How to Study Anomaly Detection in Cybersecurity?
Anomaly Detection in Cybersecurity
What is Anomaly Detection?
Anomaly detection is the process of identifying unusual or unexpected data points that deviate from the normal patterns in a dataset. (Sozol et al., 2024) In the context of cybersecurity, anomaly detection is used to identify potential security threats, such as cyber attacks, data breaches, or system malfunctions.
There are three main types of anomalies:
- Point/Rare Anomaly: Individual data points that fall outside the predicted value range. (Sozol et al., 2024)
- Contextual Anomaly: Data points that are anomalous with respect to their surrounding context. (Sozol et al., 2024)
- Collective Anomaly: A set of related data points that are anomalous when considered together, even if individual points are not anomalous. (Sozol et al., 2024)
Approaches to Anomaly Detection in Cybersecurity
Traditional Anomaly Detection Methods
Early anomaly detection methods focused on identifying statistical anomalies within data, such as outliers or deviations from the norm. (Sozol et al., 2024) However, these methods often failed to detect more sophisticated cyber threats, as attackers became better at avoiding typical detection techniques. (Sozol et al., 2024)
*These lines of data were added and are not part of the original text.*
lemma burst_cover_of_short_shifted_residue:
  fixes g y :: "bit poly"
  assumes n: "0 < n" and g: "g dvd monom 1 n - 1" and y: "degree y < n"
    and short: "deg_ninf (monom 1 k * y mod g) < ereal (real b)"
  shows "\<exists>c\<in>cyclic_code n g. cyclic_burst n b (y - c)"
proof -
  have "g \<noteq> 0" and "degree g \<le> n" using divisor_of_X_power_minus_one[OF n g] by auto
  define z where "z = monom 1 k * y mod g"
  have z_short: "t < b" if "coeff z t \<noteq> 0" for t
    using short that by (simp add: z_def deg_ninf_less_iff)
  have "z = 0 \<or> degree z < degree g"
    unfolding z_def using \<open>g \<noteq> 0\<close> by (rule degree_mod_less)
  then have "degree z < n" using \<open>degree g \<le> n\<close> n by auto
  define i where "i = (n - 1) * k"
  define e where "e = cyclic_shift n i z"
  have "g dvd monom 1 i * z - e" unfolding e_def
    by (rule dvd_trans[OF g X_power_minus_one_dvd_monom_mult_minus_cyclic_shift[OF \<open>degree z < n\<close>]])
  moreover have "g dvd monom 1 i * z - monom 1 (i + k) * y"
  proof -
    have "monom 1 i * z mod g = monom 1 i * (monom 1 k * y) mod g"
      unfolding z_def by (rule mod_mult_right_eq)
    then show ?thesis by (simp add: mod_eq_dvd_iff mult.assoc[symmetric] mult_monom)
  qed
  moreover have "g dvd monom 1 (i + k) * y - y"
  proof -
    have "(i + k) mod n = 0 mod n" using n by (simp add: i_def algebra_simps)
    then have "(monom 1 n - 1) dvd (monom 1 (i + k) - monom 1 0) * y"
      by (intro dvd_mult2 X_power_minus_one_dvd_monom_diff)
    then show ?thesis using dvd_trans[OF g] by (simp add: algebra_simps)
  qed
  moreover have "y - e = (monom 1 i * z - e) - (monom 1 i * z - monom 1 (i + k) * y)
      - (monom 1 (i + k) * y - y)"
    by (simp add: algebra_simps)
  ultimately have "g dvd y - e" by (metis dvd_diff)
  moreover have "degree (y - e) < n"
    unfolding e_def by (intro degree_diff_less y degree_cyclic_shift_less[OF n])
  moreover have "cyclic_burst n b e"
  proof -
    have "\<exists>t<b. m = (i mod n + t) mod n" if m: "coeff e m \<noteq> 0" for m
    proof -
      obtain t where "t < n" and "coeff z t \<noteq> 0" and "m = (i + t) mod n"
        using m unfolding e_def by (rule coeff_cyclic_shift_neq_zero)
      then show ?thesis using z_short by (auto simp: mod_add_left_eq)
    qed
    then show ?thesis unfolding cyclic_burst_def using n by (intro exI[of _ "i mod n"]) simp
  qed
  ultimately have "y - e \<in> cyclic_code n g" and "cyclic_burst n b (y - (y - e))"
    by (auto simp: cyclic_code_def)
  then show ?thesis by blast
qed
Graph-Based Anomaly Detection
Graph-based anomaly detection techniques have gained importance as an alternative to traditional methods. These algorithms leverage the relationships between data points, represented as nodes and edges in a graph, to identify anomalies. (Sozol et al., 2024) This approach is particularly well-suited for complex datasets, such as cybersecurity databases, as it can detect anomalies that would be difficult to identify using conventional techniques. (Sozol et al., 2024)
Some key graph-based anomaly detection techniques include:
- Graph Neural Networks (GNNs): GNNs can learn the underlying patterns and relationships in graph-structured data, enabling them to detect anomalies with high accuracy and adaptability. (Sozol et al., 2024)
- Graph-Based Behavioural Anomaly Detection (GBBAD): This approach models the normal behavior of entities (e.g., users, devices) in a network as a graph and identifies anomalies based on deviations from the expected behavior. (Sozol et al., 2024)
- Behavioural Identification Graph (BIG): BIG is a graph-based technique that captures the behavioral patterns of entities in a network and uses this information to detect anomalies. (Sozol et al., 2024)
- Graph-Based Botnet Detection (GBBD): GBBD leverages graph-based approaches to identify botnets, which are networks of compromised devices used for malicious activities. (Sozol et al., 2024)
Ensemble Learning for Anomaly Detection
Ensemble learning, which combines multiple machine learning models to improve the overall performance, has also been applied to anomaly detection in cybersecurity. (Lai et al., 2023) This approach can leverage the strengths of different anomaly detection algorithms to achieve better accuracy and robustness in identifying unusual or malicious activities.
One example of an ensemble learning-based approach is the use of Bayesian hyperparameter sensitivity analysis to optimize the performance of anomaly detection models for IoT cybersecurity. (Lai et al., 2023)
Other Anomaly Detection Techniques
In addition to graph-based and ensemble learning approaches, other anomaly detection techniques have also been explored in the context of cybersecurity, such as:
- Nonlinear Time Series Analysis: This approach uses nonlinear models to analyze time series data and detect anomalies in cybersecurity applications, particularly in the context of cloud-based IoT systems. (Dwivedi, 2023)
- Variational Autoencoders: Variational autoencoders can be used to learn the normal patterns in data and identify anomalies based on the reconstruction error. (Dwivedi, 2023)
- Cooperative Co-evolution-based Feature Selection: This technique combines feature selection and anomaly detection to improve the performance of anomaly detection models in cybersecurity datasets. (Dwivedi, 2023)
Applying Anomaly Detection in Cybersecurity
Anomaly detection techniques can be applied in various cybersecurity domains, including:
- Intrusion Detection: Identifying unusual network traffic or system behavior that may indicate a cyber attack. (Lai et al., 2023)
- Fraud Detection: Detecting fraudulent activities, such as unauthorized access or financial transactions. (Lai et al., 2023)
- Malware Detection: Identifying anomalous behavior or patterns that may indicate the presence of malware. (ALmojel & Mishra, 2024)
- IoT Security: Monitoring IoT devices and networks for unusual activities that could indicate a security breach. (Lai et al., 2023)
- Connected Car Security: Detecting location anomalies that may suggest a cyber attack on a connected vehicle. (Wang et al., 2024)
The effectiveness of anomaly detection in cybersecurity depends on factors such as the availability and quality of data, the choice of appropriate detection algorithms, and the ability to interpret and respond to detected anomalies. (Sozol et al., 2024) Ongoing research and development in this field aim to address these challenges and improve the overall cybersecurity posture.